Я видел мертвого Ленина. Это было в зале бывшего Благородного собрания. Вы понимаете — череп кажется еще больше обычного. До края ночи по снегу все идут и идут люди…
Мы прошли мимо гроба. Потом… Или это было раньше? Мы ждали в доме рядом. Вошла жена Ленина. Голова пожилой учительницы. И мы поняли, что самое глубокое молчание может стать еще глубже. Ожидание. Тревога. Она чувствовала, что мы с ней в самом существе этой потери. И голосом — вы понимаете, как можно это сказать, — она сказала — никто не ожидал от старой большевички таких слов: «Владимир Ильич любил народ»…
Китайские товарищи, заживо погребенные, русские друзья с выколотыми глазами, немецкие друзья — вокруг меня, ты — рядом, тебя сейчас избили, то, что меж нами, я называю любовью.
Я знаю, сколько нужно сил, чтобы сделать что-нибудь стоящее. Я знаю, только победа сможет оправдать эти страдания. Но, по крайней мере, если мы победим, каждый из нас наконец-то найдет свою жизнь.

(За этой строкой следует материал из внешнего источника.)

lemma psd_shift_injective:
  fixes M :: "real^'n::finite \<Rightarrow> real^'n"
  assumes lin: "linear M" and psd: "\<And>x. 0 \<le> x \<bullet> M x" and "t > 0" "lam > 0"
  shows "inj (\<lambda>v. M (beta_of E v) + t *\<^sub>R beta_of E v + lam *\<^sub>R beta_of (- E) v)"
proof -
  have "linear (\<lambda>v. M (beta_of E v) + t *\<^sub>R beta_of E v + lam *\<^sub>R beta_of (- E) v)"
    by (intro linear_compose_add linear_compose_scale_right linear_compose[OF linear_beta_of lin, unfolded o_def]
        linear_beta_of)
  moreover have "v = 0" if v: "M (beta_of E v) + t *\<^sub>R beta_of E v + lam *\<^sub>R beta_of (- E) v = 0" for v
  proof -
    let ?p = "beta_of E v"
    have "0 = ?p \<bullet> (M ?p + t *\<^sub>R ?p + lam *\<^sub>R beta_of (- E) v)" by (simp add: v)
    also have "\<dots> = ?p \<bullet> M ?p + t * (?p \<bullet> ?p)"
      by (simp add: inner_add_right inner_beta_of_compl)
    finally have "t * (?p \<bullet> ?p) \<le> 0" using psd[of ?p] by linarith
    then have "?p \<bullet> ?p \<le> 0" using \<open>t > 0\<close> by (simp add: mult_le_0_iff)
    then have "?p \<bullet> ?p = 0" using inner_ge_zero[of ?p] by linarith
    then have p0: "?p = 0" by simp
    then have "lam *\<^sub>R beta_of (- E) v = 0" using v linear_0[OF lin] by simp
    then have "beta_of (- E) v = 0" using \<open>lam > 0\<close> by simp
    with p0 show "v = 0" using beta_of_add_compl[of E v] by simp
  qed
  ultimately show ?thesis using linear_injective_0 by blast
qed
lemma prob_isolated_eq_sum_attr_vectors:
  assumes q01: "\<forall>a\<in>{0,1}. \<forall>b\<in>{0,1}. q a b \<in> {0..1}" and mu1: "0 \<le> mu1" "mu1 \<le> 1"
    and u: "u \<in> {1..n}"
  shows "measure (MAG_space mu1 n L) (isolated_event mu1 q n L u) =
    (\<Sum>x\<in>PiE {1..L} (\<lambda>_. {0, 1}). (\<integral>a. of_bool (\<forall>l\<in>{1..L}. a (u, l) = x l) \<partial>attr_space mu1 n L) *
      (1 - (\<Prod>l\<in>{1..L}. Gamma_MAG (1 - mu1) mu1 q (x l))) ^ (n - 1))"
proof -
  let ?M = "attr_space mu1 n L"
  let ?X = "PiE {1..L} (\<lambda>_. {0, 1::nat})"
  define G where "G x a = (of_bool (\<forall>l\<in>{1..L}. a (u, l) = x l) :: real)"
    for x :: "nat \<Rightarrow> nat" and a :: "nat \<times> nat \<Rightarrow> nat"
  define F where "F x a = (\<Prod>v\<in>{1..n}-{u}. unif_tail (QL q L x (\<lambda>l. a (v, l))))"
    for x :: "nat \<Rightarrow> nat" and a :: "nat \<times> nat \<Rightarrow> nat"
  interpret prob_space ?M by (rule prob_space_attr_PiM)
  have measG: "G x \<in> borel_measurable ?M" for x
    unfolding G_def by (rule borel_measurable_attr_vector_eq) (use u in auto)
  have measF: "F x \<in> borel_measurable ?M" for x
    unfolding F_def
    by (intro borel_measurable_prod measurable_compose[OF borel_measurable_QL_attr_fixed borel_measurable_unif_tail]) auto
  have F_restrict: "F (restrict (\<lambda>l. a (u, l)) {1..L}) a = F (\<lambda>l. a (u, l)) a" for a
    unfolding F_def by (intro prod.cong refl arg_cong[where f=unif_tail] QL_cong) auto
  have "(\<lambda>a. F (\<lambda>l. a (u, l)) a) \<in> borel_measurable ?M"
    unfolding F_def using u
    by (intro borel_measurable_prod measurable_compose[OF borel_measurable_QL_attr borel_measurable_unif_tail]) auto
  moreover have "(\<lambda>a. \<Sum>x\<in>?X. G x a * F x a) \<in> borel_measurable ?M"
    using measG measF by (intro borel_measurable_sum borel_measurable_times)
  moreover have "AE a in ?M. F (\<lambda>l. a (u, l)) a = (\<Sum>x\<in>?X. G x a * F x a)"
    using AE_sum_attr_vectors[OF u, where h=F and L=L and ?mu1.0=mu1] unfolding G_def
    by eventually_elim (metis F_restrict)
  ultimately have "(\<integral>a. F (\<lambda>l. a (u, l)) a \<partial>?M) = (\<integral>a. (\<Sum>x\<in>?X. G x a * F x a) \<partial>?M)"
    by (rule integral_cong_AE)
  also have "\<dots> = (\<Sum>x\<in>?X. \<integral>a. G x a * F x a \<partial>?M)"
  proof (rule Bochner_Integration.integral_sum, rule integrable_const_bound[where B=1])
    show "AE a in ?M. norm (G x a * F x a) \<le> 1" for x
      unfolding G_def F_def
      by (auto intro!: AE_I2 mult_le_one prod_le_1 simp: abs_mult abs_prod abs_unif_tail_le_one)
    show "(\<lambda>a. G x a * F x a) \<in> borel_measurable ?M" for x
      using measG measF by (rule borel_measurable_times)
  qed
  also have "\<dots> = (\<Sum>x\<in>?X. (\<integral>a. G x a \<partial>?M) * (1 - (\<Prod>l\<in>{1..L}. Gamma_MAG (1 - mu1) mu1 q (x l))) ^ (n - 1))"
  proof (rule sum.cong[OF refl])
    fix x assume "x \<in> ?X"
    then have "\<And>l. l \<in> {1..L} \<Longrightarrow> x l \<in> {0, 1}" by auto
    then show "(\<integral>a. G x a * F x a \<partial>?M) = (\<integral>a. G x a \<partial>?M) * (1 - (\<Prod>l\<in>{1..L}. Gamma_MAG (1 - mu1) mu1 q (x l))) ^ (n - 1)"
      unfolding G_def F_def by (rule integral_attr_vector_eq_times_tails[OF q01 mu1 u])
  qed
  finally show ?thesis
    unfolding G_def F_def using prob_isolated_eq_integral_tail[OF u] by simp
qed
lemma cong_pair_mult_left:
  assumes "[p = q] (mod a, b)"
  shows "[c * p = c * q] (mod a, b)"
proof -
  obtain r s where "p - q = a * r + b * s"
    using assms unfolding cong_pair_def by blast
  then have "c * p - c * q = a * (c * r) + b * (c * s)"
    by (simp add: right_diff_distrib[symmetric] algebra_simps)
  then show ?thesis unfolding cong_pair_def by blast
qed

lemma cong_pair_mult:
  assumes "[p = q] (mod a, b)" and "[p' = q'] (mod a, b)"
  shows "[p * p' = q * q'] (mod a, b)"
proof -
  have "[p * p' = p * q'] (mod a, b)" using assms(2) by (rule cong_pair_mult_left)
  also have "[p * q' = q * q'] (mod a, b)"
    using cong_pair_mult_left[OF assms(1), of q'] by (simp add: mult.commute)
  finally show ?thesis .
qed

lemma cong_pair_power: "[p = q] (mod a, b) \<Longrightarrow> [p ^ j = q ^ j] (mod a, b)"
  by (induction j) (simp_all add: cong_pair_mult)

lemma cong_pair_scale:
  assumes "[p = q] (mod a, b)"
  shows "[c * p = c * q] (mod c * a, b)"
proof -
  obtain r s where "p - q = a * r + b * s"
    using assms unfolding cong_pair_def by blast
  then have "c * p - c * q = c * a * r + b * (c * s)"
    by (simp add: right_diff_distrib[symmetric] algebra_simps)
  then show ?thesis unfolding cong_pair_def by blast
qed

lemma cong_pair_power_plus_double:
  fixes P G :: "'a::comm_ring_1"
  assumes idem: "[P * P = 2 * P] (mod a, b)"
  shows "[(P + 2 * G) ^ Suc j =
      2 ^ j * P * ((1 + G) ^ Suc j - G ^ Suc j) + 2 ^ Suc j * G ^ Suc j] (mod a, b)"
proof (induction j)
  case 0
  show ?case by (simp add: algebra_simps)
next
  case (Suc j)
  define F where "F = (1 + G) ^ Suc j - G ^ Suc j"
  define H where "H = 2 ^ Suc j * P * (G * F + G ^ Suc j) + 2 ^ Suc (Suc j) * G ^ Suc (Suc j)"
  have "(P + 2 * G) ^ Suc (Suc j) = (P + 2 * G) * (P + 2 * G) ^ Suc j"
    by simp
  also have "[(P + 2 * G) * (P + 2 * G) ^ Suc j =
      (P + 2 * G) * (2 ^ j * P * F + 2 ^ Suc j * G ^ Suc j)] (mod a, b)"
    using Suc.IH unfolding F_def by (rule cong_pair_mult_left)
  also have "(P + 2 * G) * (2 ^ j * P * F + 2 ^ Suc j * G ^ Suc j) = 2 ^ j * F * (P * P) + H"
    by (simp add: H_def algebra_simps)
  also have "[2 ^ j * F * (P * P) + H = 2 ^ j * F * (2 * P) + H] (mod a, b)"
    by (intro cong_pair_add cong_pair_mult_left idem cong_pair_refl)
  also have "2 ^ j * F * (2 * P) + H =
      2 ^ Suc j * P * ((1 + G) ^ Suc (Suc j) - G ^ Suc (Suc j)) + 2 ^ Suc (Suc j) * G ^ Suc (Suc j)"
    by (simp add: F_def H_def algebra_simps)
  finally show ?case .
qed

section \<open>Powers of 1 + x modulo 2^l and x^n - 1\<close>

lemma one_plus_x_pow_two_pow:
  "[[:1, 1:] ^ 2 ^ k = 1 + [:0, 1:] ^ 2 ^ k] (mod 2, 0 :: 'a::comm_ring_1 poly)"
proof (induction k)
  case (Suc k)
  define X :: "'a poly" where "X = [:0, 1:] ^ 2 ^ k"
  have "[:1, 1:] ^ 2 ^ Suc k = ([:1, 1:] ^ 2 ^ k) ^ 2"
    by (simp add: power_mult[symmetric] mult.commute)
  also have "[([:1, 1:] ^ 2 ^ k) ^ 2 = (1 + X) ^ 2] (mod 2, 0)"
    using Suc.IH unfolding X_def by (rule cong_pair_power)
  also have "(1 + X) ^ 2 = 1 + X * X + 2 * X"
    by (simp add: power2_eq_square algebra_simps)
  also have "[1 + X * X + 2 * X = 1 + X * X] (mod 2, 0)"
    by (rule cong_pair_dvd_left) simp
  also have "X * X = [:0, 1:] ^ 2 ^ Suc k"
    by (simp add: X_def mult_2 power_add[symmetric])
  finally show ?case .
qed (simp add: one_pCons)

lemma one_plus_x_pow_two_pow_decomp:
  obtains G :: "'a::comm_ring_1 poly" where "[:1, 1:] ^ 2 ^ k = 1 + [:0, 1:] ^ 2 ^ k + 2 * G"
proof -
  from one_plus_x_pow_two_pow[of k] obtain r s :: "'a poly"
    where "[:1, 1:] ^ 2 ^ k - (1 + [:0, 1:] ^ 2 ^ k) = 2 * r + 0 * s"
    unfolding cong_pair_def by blast
  then have "[:1, 1:] ^ 2 ^ k = 1 + [:0, 1:] ^ 2 ^ k + 2 * r"
    by (simp only: mult_zero_left add_0_left add_0_right diff_eq_eq ac_simps)
  then show thesis by (rule that)
qed

definition ones_poly :: "nat \<Rightarrow> 'a::comm_ring_1 poly" where
  "ones_poly N = (\<Sum>j<N. [:0, 1:] ^ j)"

lemma ones_poly_add: "ones_poly (N + M) = ones_poly N + [:0, 1:] ^ N * ones_poly M"
  by (induction M) (simp_all add: ones_poly_def algebra_simps power_add)

lemma x_mult_ones_poly: "[:0, 1:] * ones_poly N = ones_poly N + ([:0, 1:] ^ N - 1)"
  using power_diff_1_eq[of "[:0, 1:] :: 'a::comm_ring_1 poly" N]
  by (simp add: ones_poly_def one_pCons algebra_simps)

lemma mult_ones_poly_cong:
  "[q * ones_poly N = smult (poly q 1) (ones_poly N)] (mod a, [:0, 1:] ^ N - 1)"
proof (rule cong_pair_dvd_right)
  have root: "q - [:poly q 1:] = ([:0, 1:] - 1) * synthetic_div q 1"
    using synthetic_div_correct'[of 1 q] by (simp add: one_pCons algebra_simps)
  have "q * ones_poly N - smult (poly q 1) (ones_poly N) = (q - [:poly q 1:]) * ones_poly N"
    by (simp add: left_diff_distrib)
  also have "\<dots> = synthetic_div q 1 * (([:0, 1:] - 1) * ones_poly N)"
    unfolding root by (simp only: ac_simps)
  also have "([:0, 1:] - 1) * ones_poly N = [:0, 1:] ^ N - 1"
    by (simp only: left_diff_distrib mult_1_left x_mult_ones_poly) simp
  finally show "[:0, 1:] ^ N - 1 dvd q * ones_poly N - smult (poly q 1) (ones_poly N)"
    by (metis dvd_triv_right)
qed

lemma one_plus_x_pow_two_pow_minus_one:
  "[[:1, 1:] ^ (2 ^ k - 1) = ones_poly (2 ^ k)] (mod 2, 0 :: 'a::comm_ring_1 poly)"
proof (induction k)
  case (Suc k)
  have "(2::nat) ^ Suc k - 1 = 2 ^ k + (2 ^ k - 1)"
    by simp
  then have "[:1, 1:] ^ (2 ^ Suc k - 1) = [:1, 1:] ^ 2 ^ k * [:1, 1:] ^ (2 ^ k - 1)"
    by (simp only: power_add)
  also have "[[:1, 1:] ^ 2 ^ k * [:1, 1:] ^ (2 ^ k - 1) =
      (1 + [:0, 1:] ^ 2 ^ k) * ones_poly (2 ^ k)] (mod 2, 0 :: 'a poly)"
    using one_plus_x_pow_two_pow Suc.IH by (rule cong_pair_mult)
  also have "(1 + [:0, 1:] ^ 2 ^ k) * ones_poly (2 ^ k) = (ones_poly (2 ^ k + 2 ^ k) :: 'a poly)"
    by (simp add: ones_poly_add algebra_simps)
  also have "(2::nat) ^ k + 2 ^ k = 2 ^ Suc k"
    by simp
  finally show ?case .
qed (simp add: ones_poly_def)

lemma one_plus_x_pow_mult_pred_cong:
  "[(1 + [:0, 1:] ^ 2 ^ k) * [:1, 1:] ^ (2 ^ k - 1) = ones_poly (2 ^ Suc k)]
     (mod 2, 0 :: 'a::comm_ring_1 poly)"
proof -
  define W :: "'a poly" where "W = [:1, 1:] ^ (2 ^ k - 1)"
  define Y :: "'a poly" where "Y = [:1, 1:] ^ (2 ^ Suc k - 1)"
  obtain G :: "'a poly" where G: "[:1, 1:] ^ 2 ^ k = 1 + [:0, 1:] ^ 2 ^ k + 2 * G"
    by (rule one_plus_x_pow_two_pow_decomp)
  have "2 ^ Suc k - 1 = 2 ^ k + (2 ^ k - 1 :: nat)"
    by simp
  then have "Y = (1 + [:0, 1:] ^ 2 ^ k + 2 * G) * W"
    unfolding Y_def W_def by (simp only: G power_add)
  then have "[(1 + [:0, 1:] ^ 2 ^ k) * W = Y] (mod 2, 0)"
    by (intro cong_pair_dvd_left) (simp add: algebra_simps)
  also have "[Y = ones_poly (2 ^ Suc k)] (mod 2, 0)"
    unfolding Y_def by (rule one_plus_x_pow_two_pow_minus_one)
  finally show ?thesis
    unfolding W_def .
qed

lemma one_plus_x_pow_square_cong:
  "[(1 + [:0, 1:] ^ h) * (1 + [:0, 1:] ^ h) = 2 * (1 + [:0, 1:] ^ h)]
     (mod a, [:0, 1:] ^ (2 * h) - 1 :: 'a::comm_ring_1 poly)"
proof (rule cong_pair_dvd_right)
  define X :: "'a poly" where "X = [:0, 1:] ^ h"
  have "[:0, 1:] ^ (2 * h) = X * X"
    by (simp add: X_def mult_2 power_add)
  moreover have "(1 + X) * (1 + X) - 2 * (1 + X) = X * X - 1"
    by (simp add: algebra_simps mult_2)
  ultimately show "[:0, 1:] ^ (2 * h) - 1 dvd
      (1 + [:0, 1:] ^ h) * (1 + [:0, 1:] ^ h) - 2 * (1 + [:0, 1:] ^ h :: 'a poly)"
    unfolding X_def[symmetric] by (simp only: dvd_refl)
qed

lemma one_plus_x_pow_vanishes:
  assumes "1 \<le> k"
  shows "[[:1, 1:] ^ ((l + 1) * 2 ^ (k - 1)) = 0]
     (mod 2 ^ l, [:0, 1:] ^ 2 ^ k - 1 :: 'a::comm_ring_1 poly)"
proof -
  define h :: nat where "h = 2 ^ (k - 1)"
  define E :: "'a poly" where "E = [:0, 1:] ^ 2 ^ k - 1"
  define P :: "'a poly" where "P = 1 + [:0, 1:] ^ h"
  obtain G :: "'a poly" where G: "[:1, 1:] ^ h = P + 2 * G"
    unfolding h_def P_def by (rule one_plus_x_pow_two_pow_decomp)
  have "2 ^ k = 2 * h"
    using assms by (simp add: h_def power_Suc[symmetric])
  then have idem: "[P * P = 2 * P] (mod 2 ^ l, E)"
    unfolding P_def E_def by (simp only: one_plus_x_pow_square_cong)
  have "(l + 1) * h = h * Suc l"
    by simp
  then have "[:1, 1:] ^ ((l + 1) * h) = (P + 2 * G) ^ Suc l"
    by (simp only: power_mult G)
  also have "[(P + 2 * G) ^ Suc l =
      2 ^ l * P * ((1 + G) ^ Suc l - G ^ Suc l) + 2 ^ Suc l * G ^ Suc l] (mod 2 ^ l, E)"
    using idem by (rule cong_pair_power_plus_double)
  also have "[2 ^ l * P * ((1 + G) ^ Suc l - G ^ Suc l) + 2 ^ Suc l * G ^ Suc l = 0] (mod 2 ^ l, E)"
    by (rule cong_pair_dvd_left) (simp add: mult.assoc)
  finally show ?thesis by (simp add: h_def E_def)
qed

Каждый из нас знает, что он одинок; он идет вечером домой, и там он снова один; в свою комнату он приносит презрение и равнодушие всех; бесцельность жизни плетется за ним, как собака. Он идет, он ищет женщину, с которой он будет жить: ведь надо же с кем-нибудь жить. Они будут спать вместе. Потом пойдут дети: их тоже никто не выбирал. Они сгниют вместе с множеством никогда не проросших зерен. Сейчас, если только сейчас на воле ночь, как здесь, — они молча лежат, затравленные — толпа. Потому что любовь — это выбор, и нельзя выбирать, если нечего дать.
Но начиная с тех слепых в Париже и кончая китайскими Советами, в любой стране мира несколько человек сейчас думают о нас, как будто мы дети, мертвые дети.
Я видел…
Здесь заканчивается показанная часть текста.